The National Academy of Medicine defines vitamin D toxicity as consuming more than 10,000 IU/day and having a blood level of 200 ng/ml or higher. However, you need to have a safe zone from normal to toxic levels, so I would recommend taking up to 4,000 IU per day and keeping your blood level within a maximum of 60 ng/ml. There are slightly different opinions on this point, so it's best to consult with your doctor who knows your body best.
 
Remember, dosage 2,000 IU
Usually, a dose of 100 IU is needed to raise blood levels by 1 ng/ml. If you take it now, the increase in blood level will not appear until after 3~4 months. I believe that the dosage should be 2,000 IU to maximize the effect while minimizing the potential for side effects. It is often reported that people who consume 2,000IU of vitamin D a day and are exposed to ultraviolet rays for 10~15 minutes reduce the incidence of colorectal cancer, breast cancer, and prostate cancer by 50~60%. This is especially true when people get enough vitamin D during their growth and growth than when they consume it as adults.
Daily administration is also important to maintain concentration
The 600 IU recommended by the U.S. National Medical Association is too small given the situation in our country, where vitamin D intake is very low. In fact, a large-scale randomized clinical trial at the Harvard T.H. Chan School of Public Health in the U.S. also has a daily dose of 2,000 IU. When 2,000 IU is administered, blood levels rise by 20 ng/ml. If your vitamin D blood level is 20 ng/ml, which is the threshold for determining whether it is normal or abnormal, it means that if you take 2,000 IU for 3~4 months, it will go up to 40 ng/ml. Then at least it will be a 'woo'. If your vitamin D blood level is 10 ng/ml, which is a dangerous level for a deficiency, it will rise to 30 ng/ml when you take 2,000 IU. This corresponds to the 'Mi' level. It is important to note that even if the target blood level is reached, adults need to take about 1,500~2,000 IU of vitamin D every day to maintain a blood level of 30 ng/ml. Children and adolescents should also receive 1,000 IU of vitamin D per day to maintain sufficient blood levels.

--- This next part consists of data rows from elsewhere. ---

lemma dist_le_Dist:
  assumes "bounded (UNIV :: 'a::metric_space set)" "y \<in> A"
  shows "dist x y \<le> Dist x (A::'a set)"
proof -
  obtain a e where "\<forall>y::'a. dist a y \<le> e"
    using assms(1) unfolding bounded_def by auto
  then have "dist x y \<le> dist x a + e" for y
    by (metis add_left_mono dist_triangle order_trans)
  then have "bdd_above (dist x ` A)"
    by (intro bdd_aboveI[of _ "dist x a + e"]) auto
  then show ?thesis
    unfolding Dist_def using assms(2) by (rule cSUP_upper2) simp
qed

lemma diam_set_le:
  assumes "A \<noteq> {}" "\<And>x y. x \<in> A \<Longrightarrow> y \<in> A \<Longrightarrow> dist x y \<le> s"
  shows "diam_set A \<le> s"
  unfolding diam_set_def using assms by (intro cSUP_least) auto

lemma orbit_nonexpansive_image_cball:
  assumes "orbit_nonexpansive T" "T ` K \<subseteq> K" "K \<subseteq> cball w s"
  shows "T ` K \<subseteq> cball (T w) s"
proof
  fix v assume "v \<in> T ` K"
  then obtain x where x: "x \<in> K" "v = T x"
    by blast
  have "dist (T w) (T x) \<le> Dist w (orbit T x)"
    using assms(1) unfolding orbit_nonexpansive_def by blast
  also have "\<dots> \<le> s"
  proof (rule Dist_le)
    show "orbit T x \<noteq> {}"
      by (simp add: orbit_def)
    show "dist w y \<le> s" if "y \<in> orbit T x" for y
      using that orbit_subset[OF assms(2) x(1)] assms(3) by auto
  qed
  finally show "v \<in> cball (T w) s"
    using x by simp
qed

lemma minimal_invariant_admissible_diametral:
  assumes "bounded (UNIV :: 'a::metric_space set)"
    and "orbit_nonexpansive T"
    and "minimal_invariant_admissible T (K::'a set)"
    and "z \<in> K"
  shows "diam_set K \<le> Dist z K"
proof -
  define s where "s = Dist z K"
  define C where "C = K \<inter> (\<Inter>x\<in>K. cball x s)"
  have K: "admissible K" "T ` K \<subseteq> K"
    using assms(3) by (auto simp: minimal_invariant_admissible_def invariant_admissible_def)
  have "z \<in> C"
    using dist_le_Dist[OF assms(1)] assms(4) by (auto simp: C_def s_def dist_commute)
  moreover have "admissible C"
  proof -
    have "C = \<Inter>(insert K ((\<lambda>x. cball x s) ` K))"
      by (auto simp: C_def)
    moreover have "admissible (\<Inter>(insert K ((\<lambda>x. cball x s) ` K)))"
      by (rule admissible_Inter) (use K(1) admissible_cball in blast)
    ultimately show ?thesis
      by simp
  qed
  moreover have "T ` C \<subseteq> C"
  proof
    fix v assume "v \<in> T ` C"
    then obtain w where w: "w \<in> C" "v = T w"
      by blast
    then have "K \<subseteq> cball w s"
      by (auto simp: C_def dist_commute)
    then have "T ` K \<subseteq> cball (T w) s"
      by (rule orbit_nonexpansive_image_cball[OF assms(2) K(2)])
    then have "admissible_hull (T ` K) \<subseteq> cball (T w) s"
      by (rule admissible_hull_cball)
    then have "K \<subseteq> cball (T w) s"
      by (simp only: minimal_invariant_admissible_hull_image[OF assms(3)])
    then show "v \<in> C"
      using w K(2) by (auto simp: C_def dist_commute)
  qed
  ultimately have "invariant_admissible T C"
    unfolding invariant_admissible_def by blast
  moreover have "C \<subseteq> K"
    by (simp add: C_def)
  ultimately have "C = K"
    using assms(3) unfolding minimal_invariant_admissible_def by blast
  have "dist x y \<le> s" if "x \<in> K" "y \<in> K" for x y
  proof -
    have "y \<in> C"
      using that(2) \<open>C = K\<close> by simp
    then show ?thesis
      using that(1) by (simp add: C_def)
  qed
  then show ?thesis
    using assms(4) unfolding s_def by (intro diam_set_le) auto
qed

lemma minimal_invariant_admissible_fixpoint:
  assumes "bounded (UNIV :: 'a::metric_space set)"
    and "metric_normal_structure TYPE('a)"
    and "orbit_nonexpansive T"
    and "minimal_invariant_admissible T (K::'a set)"
  shows "\<exists>x\<in>K. T x = x"
proof -
  have K: "K \<noteq> {}" "admissible K" "T ` K \<subseteq> K"
    using assms(4) by (auto simp: minimal_invariant_admissible_def invariant_admissible_def)
  have "\<not> (\<exists>z\<in>K. Dist z K < diam_set K)"
    using minimal_invariant_admissible_diametral[OF assms(1,3,4)] by fastforce
  then have "x = y" if "x \<in> K" "y \<in> K" for x y
    using assms(2) K(2) that unfolding metric_normal_structure_def by blast
  then show ?thesis
    using K(1,3) by blast
qed

lemma fixpoint_in_invariant_admissible:
  assumes "bounded (UNIV :: 'a::metric_space set)"
    and "metric_normal_structure TYPE('a)"
    and "admissible_compact TYPE('a)"
    and "orbit_nonexpansive T"
    and "invariant_admissible T (A::'a set)"
  shows "\<exists>x\<in>A. T x = x"
  using minimal_invariant_admissible_exists[OF assms(3,5)]
    minimal_invariant_admissible_fixpoint[OF assms(1,2,4)] by blast

lemma orbit_nonexpansive_INT_cball_fixpoints:
  assumes "orbit_nonexpansive T" "fst ` B \<subseteq> {x. T x = x}"
  shows "T ` (\<Inter>(c, r)\<in>B. cball c r) \<subseteq> (\<Inter>(c, r)\<in>B. cball c r)"
proof (intro image_subsetI)
  fix x assume x: "x \<in> (\<Inter>(c, r)\<in>B. cball c r)"
  have "dist c (T x) \<le> r" if "(c, r) \<in> B" for c r
  proof -
    have "T c = c"
      using that assms(2) by force
    then have "dist (T x) c \<le> dist x c"
      using assms(1) unfolding orbit_nonexpansive_def
      by (metis Dist_singleton orbit_fixpoint)
    also have "\<dots> \<le> r"
      using x that by (auto simp: dist_commute)
    finally show ?thesis
      by (simp add: dist_commute)
  qed
  then show "T x \<in> (\<Inter>(c, r)\<in>B. cball c r)"
    by auto
qed

theorem corollary3p6:
  fixes T :: "'a::metric_space \<Rightarrow> 'a"
  assumes "bounded (UNIV :: 'a set)"
    and "metric_normal_structure TYPE('a)"
    and "admissible_compact TYPE('a)"
    and "orbit_nonexpansive T"
  shows "(\<exists>x. T x = x) \<and> one_local_retract {x. T x = x}"
proof
  have "invariant_admissible T UNIV"
    by (simp add: invariant_admissible_def admissible_UNIV)
  then show "\<exists>x. T x = x"
    using fixpoint_in_invariant_admissible[OF assms] by blast
  show "one_local_retract {x. T x = x}"
    unfolding one_local_retract_def
  proof (intro allI impI)
    fix B :: "('a \<times> real) set"
    assume "fst ` B \<subseteq> {x. T x = x}" "(\<Inter>(c, r)\<in>B. cball c r) \<noteq> {}"
    then have "invariant_admissible T (\<Inter>(c, r)\<in>B. cball c r)"
      using orbit_nonexpansive_INT_cball_fixpoints[OF assms(4)]
      by (simp add: invariant_admissible_def admissible_INT_cball)
    then show "(\<Inter>(c, r)\<in>B. cball c r) \<inter> {x. T x = x} \<noteq> {}"
      using fixpoint_in_invariant_admissible[OF assms] by blast
  qed
qed

end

Vitamin D-only formulations are also a good option
Usually, a multivitamin contains about 100~200IU of vitamin D. The product that entered a lot is around 400 IU. Therefore, in order to maintain adequate blood levels of vitamin D, it is recommended that you take a vitamin D-specific formulation in addition to a multivitamin. According to the National Institutes of Health (NIH) Dietary Supplements, 37% of Americans take vitamin D supplements in nutritional supplements. To recap, discuss your vitamin D intake with your doctor, but aim for a vitamin D blood level of around 30 ng/ml, or around 40 ng/ml if you're feeling a little greedy.
How much food do you need to eat to get 1,000 IU of vitamin D per day?

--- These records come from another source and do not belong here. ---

(* Consider the Kakutani interval splitting process with cutoff $x_c\in(0,1)$: start with $(0,1)$; at each step the current largest subinterval is split into two pieces by a division point uniformly distributed in it (independently of the past); subintervals of length at most $x_c$ are not split further, and the process stops when all subintervals have length at most $x_c$; let $n$ be the total number of splits. Fix $y\in(0,1)$ and let $K$ be the number of splits, during the process, of a subinterval containing the point $y$ (the "$y$-subintervals") before the subinterval containing $y$ has length at most $x_c$. Then, with high probability, $K=\sim\!\log n$, i.e. $K$ is at most of order $\log n$ (equivalently of order $\log(1/x_c)$): for every $A>0$ there is a constant $C_A$ such that $K\le C_A\log(1/x_c)$ except on an event of probability at most of order $x_c^{A}$.
   Context: The process ends with $n+1$ subintervals all of length at most $x_c$, and $1/x_c$ is of the same order as $n$ (up to constants), so $\log n$ and $\log(1/x_c)$ are comparable; asymptotics are as $x_c\to0$. *)

theory Defs
  imports "HOL-Probability.Probability"
begin

text \<open>At step j the current largest subinterval (a,b) (ties broken by list order)
  is split at the point a + u j * (b - a); if u j is uniform on [0,1] and independent
  of the past, this division point is uniform in (a,b).\<close>

definition ilen :: "real \<times> real \<Rightarrow> real" where
  "ilen I = snd I - fst I"

definition largest :: "(real \<times> real) list \<Rightarrow> real \<times> real" where
  "largest S = hd (filter (\<lambda>I. ilen I = Max (ilen ` set S)) S)"

definition stopped :: "real \<Rightarrow> (real \<times> real) list \<Rightarrow> bool" where
  "stopped xc S \<longleftrightarrow> (\<forall>I\<in>set S. ilen I \<le> xc)"

definition split_at :: "real \<Rightarrow> real \<times> real \<Rightarrow> (real \<times> real) list" where
  "split_at t I = [(fst I, fst I + t * ilen I), (fst I + t * ilen I, snd I)]"

primrec kak_state :: "real \<Rightarrow> (nat \<Rightarrow> real) \<Rightarrow> nat \<Rightarrow> (real \<times> real) list" where
  "kak_state xc u 0 = [(0, 1)]"
| "kak_state xc u (Suc j) =
     (let S = kak_state xc u j in
      if stopped xc S then S
      else remove1 (largest S) S @ split_at (u j) (largest S))"

definition kak_K :: "real \<Rightarrow> real \<Rightarrow> (nat \<Rightarrow> real) \<Rightarrow> nat" where
  "kak_K xc y u = card {j. \<not> stopped xc (kak_state xc u j) \<and>
       fst (largest (kak_state xc u j)) < y \<and> y < snd (largest (kak_state xc u j))}"

end

theory Submission
  imports Defs "HOL-Library.More_List"
begin

(* Give a split at parameter t the weight max t (1 - t): both pieces have length at most this
   weight times the length of the split interval. So after m splits of subintervals containing y,
   the subinterval containing y has length at most the product of their m weights, and it is split
   again only while this product exceeds x_c. For uniform t the weight has mean at most 7/8, so by
   independence the product of the weights of the first k such splits, divided by (7/8)^k, is a
   nonnegative supermartingale with mean at most 1. Markov's inequality gives
   P(K > k) <= (7/8)^k / x_c, and k of order (A + 1) ln(1/x_c) makes this O(x_c^A). *)

lemma first_filter_elem:
  assumes "i < length xs" "P (xs ! i)" "\<And>j. j < i \<Longrightarrow> \<not> P (xs ! j)"
  shows hd_filter_eq_nth: "hd (filter P xs) = xs ! i"
    and remove1_nth_eq_take_drop: "remove1 (xs ! i) xs = take i xs @ drop (Suc i) xs"
proof -
  have xs: "xs = take i xs @ xs ! i # drop (Suc i) xs"
    using assms(1) by (rule id_take_nth_drop)
  have none: "\<not> P x" if "x \<in> set (take i xs)" for x
    using that assms(1,3) by (auto simp: in_set_conv_nth)
  then have "filter P (take i xs) = []" by (simp add: filter_empty_conv)
  then show "hd (filter P xs) = xs ! i"
    using assms(2) by (subst xs) simp
  have "xs ! i \<notin> set (take i xs)" using none assms(2) by blast
  then show "remove1 (xs ! i) xs = take i xs @ drop (Suc i) xs"
    by (subst (2) xs) (simp add: remove1_append)
qed

definition largest_index :: "(real \<times> real) list \<Rightarrow> nat" where
  "largest_index S = (LEAST i. i < length S \<and> (\<forall>k<length S. ilen (S ! k) \<le> ilen (S ! i)))"

lemma largest_index:
  assumes "S \<noteq> []"
  shows largest_index_less: "largest_index S < length S"
    and largest_conv_nth: "largest S = S ! largest_index S"
    and remove1_largest:
      "remove1 (largest S) S = take (largest_index S) S @ drop (Suc (largest_index S)) S"
    and ilen_le_largest: "I \<in> set S \<Longrightarrow> ilen I \<le> ilen (largest S)"
proof -
  define P where "P = (\<lambda>I. ilen I = Max (ilen ` set S))"
  define Q where "Q i \<longleftrightarrow> i < length S \<and> (\<forall>k<length S. ilen (S ! k) \<le> ilen (S ! i))" for i
  have P_iff_Q: "P (S ! i) \<longleftrightarrow> Q i" if "i < length S" for i
    using that assms unfolding P_def Q_def
    by (simp only: eq_commute[of "ilen _"]) (simp add: Max_eq_iff all_set_conv_all_nth)
  have "Max (ilen ` set S) \<in> ilen ` set S" using assms by (intro Max_in) auto
  then obtain i where "i < length S" "P (S ! i)"
    by (auto simp: P_def in_set_conv_nth)
  then have "Q i" using P_iff_Q by blast
  moreover have "largest_index S = (LEAST i. Q i)" by (simp add: largest_index_def Q_def)
  ultimately have m: "Q (largest_index S)" "\<And>j. j < largest_index S \<Longrightarrow> \<not> Q j"
    by (auto intro: LeastI dest: not_less_Least)
  then show less: "largest_index S < length S" by (simp add: Q_def)
  have first: "P (S ! largest_index S)" "\<And>j. j < largest_index S \<Longrightarrow> \<not> P (S ! j)"
    using m less P_iff_Q by auto
  show "largest S = S ! largest_index S"
    using hd_filter_eq_nth[where P=P, OF less first] by (simp add: largest_def P_def)
  then show "remove1 (largest S) S = take (largest_index S) S @ drop (Suc (largest_index S)) S"
    using remove1_nth_eq_take_drop[where P=P, OF less first] by simp
  show "I \<in> set S \<Longrightarrow> ilen I \<le> ilen (largest S)"
    using m(1) \<open>largest S = _\<close> by (auto simp: Q_def in_set_conv_nth)
qed

lemma nonstopped_largest:
  assumes "\<not> stopped xc S"
  shows "largest S \<in> set S" and "xc < ilen (largest S)"
proof -
  have "S \<noteq> []" using assms by (auto simp: stopped_def)
  then show "largest S \<in> set S"
    by (simp add: largest_conv_nth largest_index_less)
  obtain I where "I \<in> set S" "xc < ilen I" using assms by (auto simp: stopped_def not_le)
  then show "xc < ilen (largest S)"
    using ilen_le_largest[OF \<open>S \<noteq> []\<close>] by fastforce
qed

definition kak_step :: "real \<Rightarrow> (real \<times> real) list \<Rightarrow> (real \<times> real) list" where
  "kak_step t S = remove1 (largest S) S @ split_at t (largest S)"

200ml of milk or yogurt contains approximately 100~200IU of vitamin D. A 50-gram serving of blue fish, such as tuna and sardines, contains about 120 IU of vitamin D. The food with the highest amount of vitamin D per unit gram is the black ear mushroom, which is often used as an ingredient in japchae. Dry black ear mushrooms contain 440 μg of vitamin D per 100 grams. Most people know that shiitake mushrooms have a lot of vitamin D, but black ear mushrooms have a higher vitamin D content than shiitake mushrooms.
To get 1,000IU of vitamin D per day, you need to eat at least 7~8 pieces of blue fish every day. You should eat 10 cups of milk or yogurt daily or 5~10 servings of dried cereal. Mushrooms should also be looked for sun-dried, not hot-air dried.
Korean men get angry when their wives give them cereal in the morning, saying that they lack sincerity. However, when it comes to vitamin D intake, it's better to eat vitamin D-fortified cereals and low-fat milk than hearty Korean food made with rice, soup, and herbs.


More articles

Comments (0)

There are no comments for this article. Be the first one to leave a message!